Start of Block
(* For each $*\in\{\mathrm{nc},\mathrm{c},\mathrm{cr},\mathrm{u},\mathrm{cu},\mathrm{cur}\}$ the functor $\mathfrak{P}^*:\mathbf{A}_*\to\mathbf{A}_*$ is homotopy invariant: if $f,g:A\to B$ are homotopic morphisms in $\mathbf{A}_*$, then $\mathfrak{P}^*(f)=\mathfrak{P}^*(g)$.
   Context: Fix a field $\mathbb{F}$; algebras are associative $\mathbb{F}$-algebras. $\mathbf{A}_{\mathrm{nc}}$: all algebras; $\mathbf{A}_{\mathrm{c}},\mathbf{A}_{\mathrm{cr}}$: commutative, resp. commutative reduced algebras; $\mathbf{A}_{\mathrm{u}}$: unital algebras with unit-preserving morphisms; $\mathbf{A}_{\mathrm{cu}},\mathbf{A}_{\mathrm{cur}}$: commutative, resp. commutative reduced unital algebras. For $*\in\{\mathrm{nc},\mathrm{c},\mathrm{cr}\}$ and $A\in\mathbf{A}_{\mathrm{nc}}$ (resp. $*\in\{\mathrm{u},\mathrm{cu},\mathrm{cur}\}$ and $A\in\mathbf{A}_{\mathrm{u}}$), $\mathfrak{P}^*(A)$ is the set of $a\in A$ such that for every $C\in\mathbf{A}_*$ and every algebra morphism (resp. unit-preserving morphism) $\varphi:A\to C[x]$, $\varphi(a)$ is a constant polynomial, i.e. lies in $C\subseteq C[x]$. (The paper defines $\mathfrak{P}^*(A)$ as the equalizer of two maps $A\to\varprojlim\mathfrak{M}^*_{A,\mathbb{F}[x]}$ induced by evaluation at $x=0$ and $x=1$, and proves it equals this set.) $\mathfrak{P}^*(A)$ is a subalgebra of $A$ and every morphism $f:A\to B$ maps $\mathfrak{P}^*(A)$ into $\mathfrak{P}^*(B)$; $\mathfrak{P}^*(f):=f|_{\mathfrak{P}^*(A)}$. Homotopy: for $B\in\mathbf{A}_*$, $B[x]=B\otimes\mathbb{F}[x]$, $\mathrm{p}_0,\mathrm{p}_1:B[x]\to B$ are evaluations at $0,1$; $f,g:A\to B$ are elementary homotopic in $\mathbf{A}_*$ if there is a morphism $H:A\to B[x]$ in $\mathbf{A}_*$ with $\mathrm{p}_0H=f$, $\mathrm{p}_1H=g$, and homotopic if connected by a finite chain of elementary homotopies. *)

theory Defs
  imports Main
begin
End of Block
Repeat the data above. Change nothing.

(* For each $*\in\{\mathrm{nc},\mathrm{c},\mathrm{cr},\mathrm{u},\mathrm{cu},\mathrm{cur}\}$ the functor $\mathfrak{P}^*:\mathbf{A}_*\to\mathbf{A}_*$ is homotopy invariant: if $f,g:A\to B$ are homotopic morphisms in $\mathbf{A}_*$, then $\mathfrak{P}^*(f)=\mathfrak{P}^*(g)$.
   Context: Fix a field $\mathbb{F}$; algebras are associative $\mathbb{F}$-algebras. $\mathbf{A}_{\mathrm{nc}}$: all algebras; $\mathbf{A}_{\mathrm{c}},\mathbf{A}_{\mathrm{cr}}$: commutative, resp. commutative reduced algebras; $\mathbf{A}_{\mathrm{u}}$: unital algebras with unit-preserving morphisms; $\mathbf{A}_{\mathrm{cu}},\mathbf{A}_{\mathrm{cur}}$: commutative, resp. commutative reduced unital algebras. For $*\in\{\mathrm{nc},\mathrm{c},\mathrm{cr}\}$ and $A\in\mathbf{A}_{\mathrm{nc}}$ (resp. $*\in\{\mathrm{u},\mathrm{cu},\mathrm{cur}\}$ and $A\in\mathbf{A}_{\mathrm{u}}$), $\mathfrak{P}^*(A)$ is the set of $a\in A$ such that for every $C\in\mathbf{A}_*$ and every algebra morphism (resp. unit-preserving morphism) $\varphi:A\to C[x]$, $\varphi(a)$ is a constant polynomial, i.e. lies in $C\subseteq C[x]$. (The paper defines $\mathfrak{P}^*(A)$ as the equalizer of two maps $A\to\varprojlim\mathfrak{M}^*_{A,\mathbb{F}[x]}$ induced by evaluation at $x=0$ and $x=1$, and proves it equals this set.) $\mathfrak{P}^*(A)$ is a subalgebra of $A$ and every morphism $f:A\to B$ maps $\mathfrak{P}^*(A)$ into $\mathfrak{P}^*(B)$; $\mathfrak{P}^*(f):=f|_{\mathfrak{P}^*(A)}$. Homotopy: for $B\in\mathbf{A}_*$, $B[x]=B\otimes\mathbb{F}[x]$, $\mathrm{p}_0,\mathrm{p}_1:B[x]\to B$ are evaluations at $0,1$; $f,g:A\to B$ are elementary homotopic in $\mathbf{A}_*$ if there is a morphism $H:A\to B[x]$ in $\mathbf{A}_*$ with $\mathrm{p}_0H=f$, $\mathrm{p}_1H=g$, and homotopic if connected by a finite chain of elementary homotopies. *)

theory Defs
  imports Main
begin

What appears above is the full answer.